Pokemon, an animated character, helped students in Delhi government schools to grasp what they learnt till primary level, before graduating to the upper primary level.
"It helps students to understand the lessons as they can relate with Pokemon easily than with a character in a book," said Siksha Sangam, a compilation of the unique learning models.
The Delhi model has been indigenously prepared by State Council for Education Research and Training (SCERT)and was initially introduced in 200 schools and is now being expanded to another 300 schools. A similar programme for classes till X is also being developed.
Computer would not have worked in East Godavari district of Andhra Pradesh, but a school on a boat brought children from 170 deprived families to classrooms.
Bring the children to schools under National Child Labour Project had failed. "Providing schools close to their homes helped," the compilation said.

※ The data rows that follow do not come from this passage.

(* Let $A$ be an associative algebra over a field $K$ with $A_0=\{0\}$. Then every weak multiplier of $A$ is a linear multiplier: $M(A)=M'(A)=LM(A)=LM'(A)$.
   Context: A map $T:A\to A$ (not assumed linear) is a weak multiplier if $xT(y)=T(x)y$ for all $x,y\in A$, and a multiplier if $xT(y)=T(xy)=T(x)y$ for all $x,y\in A$. $M(A)$, $M'(A)$ are the sets of multipliers and weak multipliers; $LM(A)$, $LM'(A)$ their subsets of $K$-linear maps. $A_0=\mathrm{Ann}_l(A)\cap\mathrm{Ann}_r(A)$ with $\mathrm{Ann}_l(A)=\{a: ax=0\ \forall x\}$, $\mathrm{Ann}_r(A)=\{a: xa=0\ \forall x\}$. *)

theory Defs
  imports Complex_Main
begin

definition assoc_algebra :: "('k::field \<Rightarrow> 'a::ring \<Rightarrow> 'a) \<Rightarrow> bool" where
  "assoc_algebra s \<longleftrightarrow> vector_space s \<and>
     (\<forall>k x y. s k (x * y) = s k x * y \<and> s k (x * y) = x * s k y)"

definition ann_l :: "'a::ring set" where
  "ann_l = {a. \<forall>x. a * x = 0}"

definition ann_r :: "'a::ring set" where
  "ann_r = {a. \<forall>x. x * a = 0}"

definition A0 :: "'a::ring set" where
  "A0 = ann_l \<inter> ann_r"

definition weak_multiplier :: "('a::ring \<Rightarrow> 'a) \<Rightarrow> bool" where
  "weak_multiplier T \<longleftrightarrow> (\<forall>x y. x * T y = T x * y)"

definition multiplier :: "('a::ring \<Rightarrow> 'a) \<Rightarrow> bool" where
  "multiplier T \<longleftrightarrow> (\<forall>x y. x * T y = T (x * y) \<and> T (x * y) = T x * y)"

definition M :: "('a::ring \<Rightarrow> 'a) set" where
  "M = {T. multiplier T}"

definition M' :: "('a::ring \<Rightarrow> 'a) set" where
  "M' = {T. weak_multiplier T}"

definition LM :: "('k::field \<Rightarrow> 'a::ring \<Rightarrow> 'a) \<Rightarrow> ('a \<Rightarrow> 'a) set" where
  "LM s = {T. multiplier T \<and> Vector_Spaces.linear s s T}"

definition LM' :: "('k::field \<Rightarrow> 'a::ring \<Rightarrow> 'a) \<Rightarrow> ('a \<Rightarrow> 'a) set" where
  "LM' s = {T. weak_multiplier T \<and> Vector_Spaces.linear s s T}"

end

theory Submission
  imports Defs
begin

text \<open>When no nonzero element annihilates the algebra from both sides, an element is determined
  by its products with all elements on the left and on the right. For a weak multiplier T the
  identity x T(y) = T(x) y lets one move T across products, so T(xy) and x T(y), T(x + y) and
  T(x) + T(y), T(k x) and k T(x) have the same two-sided products and therefore coincide.\<close>

lemma eq_of_two_sided_products:
  fixes a b :: "'a::ring"
  assumes "(A0 :: 'a set) = {0}"
    and "\<And>z. z * a = z * b" and "\<And>z. a * z = b * z"
  shows "a = b"
proof -
  have "a - b \<in> A0"
    using assms(2,3) by (simp add: A0_def ann_l_def ann_r_def algebra_simps)
  with assms(1) have "a - b = 0" by blast
  then show ?thesis by simp
qed

lemma multiplier_imp_weak_multiplier: "multiplier T \<Longrightarrow> weak_multiplier T"
  by (simp add: multiplier_def weak_multiplier_def)

lemma weak_multiplier_mult:
  fixes T :: "'a::ring \<Rightarrow> 'a"
  assumes "(A0 :: 'a set) = {0}" and "weak_multiplier T"
  shows "T (x * y) = x * T y"
proof -
  have T: "\<And>x y. x * T y = T x * y" using assms(2) by (simp add: weak_multiplier_def)
  show ?thesis
  proof (rule eq_of_two_sided_products[OF assms(1)])
    fix z
    have "z * T (x * y) = T z * x * y" using T by (simp add: mult.assoc)
    also have "\<dots> = z * (x * T y)" using T by (metis mult.assoc)
    finally show "z * T (x * y) = z * (x * T y)" .
    have "T (x * y) * z = x * y * T z" using T by simp
    also have "\<dots> = x * T y * z" using T by (metis mult.assoc)
    finally show "T (x * y) * z = x * T y * z" .
  qed
qed

lemma weak_multiplier_imp_multiplier:
  fixes T :: "'a::ring \<Rightarrow> 'a"
  assumes "(A0 :: 'a set) = {0}" and "weak_multiplier T"
  shows "multiplier T"
  using weak_multiplier_mult[OF assms] assms(2)
  by (simp add: multiplier_def weak_multiplier_def)

lemma weak_multiplier_add:
  fixes T :: "'a::ring \<Rightarrow> 'a"
  assumes "(A0 :: 'a set) = {0}" and "weak_multiplier T"
  shows "T (x + y) = T x + T y"
proof -
  have T: "\<And>x y. x * T y = T x * y" using assms(2) by (simp add: weak_multiplier_def)
  show ?thesis
  proof (rule eq_of_two_sided_products[OF assms(1)])
    fix z
    have "z * T (x + y) = T z * (x + y)" using T by simp
    also have "\<dots> = z * (T x + T y)" using T by (metis distrib_left)
    finally show "z * T (x + y) = z * (T x + T y)" .
    have "T (x + y) * z = (x + y) * T z" using T by simp
    also have "\<dots> = (T x + T y) * z" using T by (metis distrib_right)
    finally show "T (x + y) * z = (T x + T y) * z" .
  qed
qed

lemma weak_multiplier_scale:
  fixes T :: "'a::ring \<Rightarrow> 'a" and s :: "'k::field \<Rightarrow> 'a \<Rightarrow> 'a"
  assumes "assoc_algebra s" and "(A0 :: 'a set) = {0}" and "weak_multiplier T"
  shows "T (s k x) = s k (T x)"
proof -
  have T: "\<And>x y. x * T y = T x * y" using assms(3) by (simp add: weak_multiplier_def)
  have sl: "\<And>k x y. s k x * y = s k (x * y)" and sr: "\<And>k x y. x * s k y = s k (x * y)"
    using assms(1) unfolding assoc_algebra_def by metis+
  show ?thesis
  proof (rule eq_of_two_sided_products[OF assms(2)])
    fix z
    have "z * T (s k x) = s k (T z * x)" using T sr by metis
    also have "\<dots> = z * s k (T x)" using T sr by metis
    finally show "z * T (s k x) = z * s k (T x)" .
    have "T (s k x) * z = s k (x * T z)" using T sl by metis
    also have "\<dots> = s k (T x) * z" using T sl by metis
    finally show "T (s k x) * z = s k (T x) * z" .
  qed
qed

lemma weak_multiplier_linear:
  fixes T :: "'a::ring \<Rightarrow> 'a" and s :: "'k::field \<Rightarrow> 'a \<Rightarrow> 'a"
  assumes "assoc_algebra s" and "(A0 :: 'a set) = {0}" and "weak_multiplier T"
  shows "Vector_Spaces.linear s s T"
proof -
  have "vector_space s" using assms(1) by (simp add: assoc_algebra_def)
  then show ?thesis
    using weak_multiplier_add[OF assms(2,3)] weak_multiplier_scale[OF assms]
    by (simp add: Vector_Spaces.linear_iff)
qed

theorem proposition5p1:
  fixes s :: "'k::field \<Rightarrow> 'a::ring \<Rightarrow> 'a"
  assumes "assoc_algebra s"
    and "(A0 :: 'a set) = {0}"
  shows "(M :: ('a \<Rightarrow> 'a) set) = M' \<and> (M' :: ('a \<Rightarrow> 'a) set) = LM s \<and> LM s = LM' s"
  unfolding M_def M'_def LM_def LM'_def
  using multiplier_imp_weak_multiplier weak_multiplier_imp_multiplier[OF assms(2)]
    weak_multiplier_linear[OF assms]
  by blast

end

These families are living on boats for decades.
The best methods are not restricted to conventional schools. Even minorities can gain if they are ready to modify madrassa system of learning as done in West Bengal.
Along with religious teaching, conventional books translated in Arabic are being taught, thereby helping the students to compete with others. Specialised training under SSA has been given to teachers for the new modules.
Girls in schools in Gujarat are being used as a tool to impart education to mothers. In Gujarat, class VII schools girls took the task of educating their mothers with the help of SSA volunteers.
In Haryana, a state with lowest sex ratio in the country, bicycles helped in retaining girls in schools. The state government has bicycles to 21,000 girls who have taken admission in upper primary level.
Hundreds of such examples are listed in the compilation, which can now be replicated in different parts of the country. “We want to study the new innovations in learning and see whether can be implemented in other parts of the country. There can also be an answer for a particular problem in a schools in Assam with an innovative method adopted in Kerala,” a senior ministry official said.
The official added that the study shows that learning cannot be limited to just classrooms. There have been successful projects on multi-lingual teaching, teaching about neighbourhood and reading material for vocations, which have improved students learning capabilities.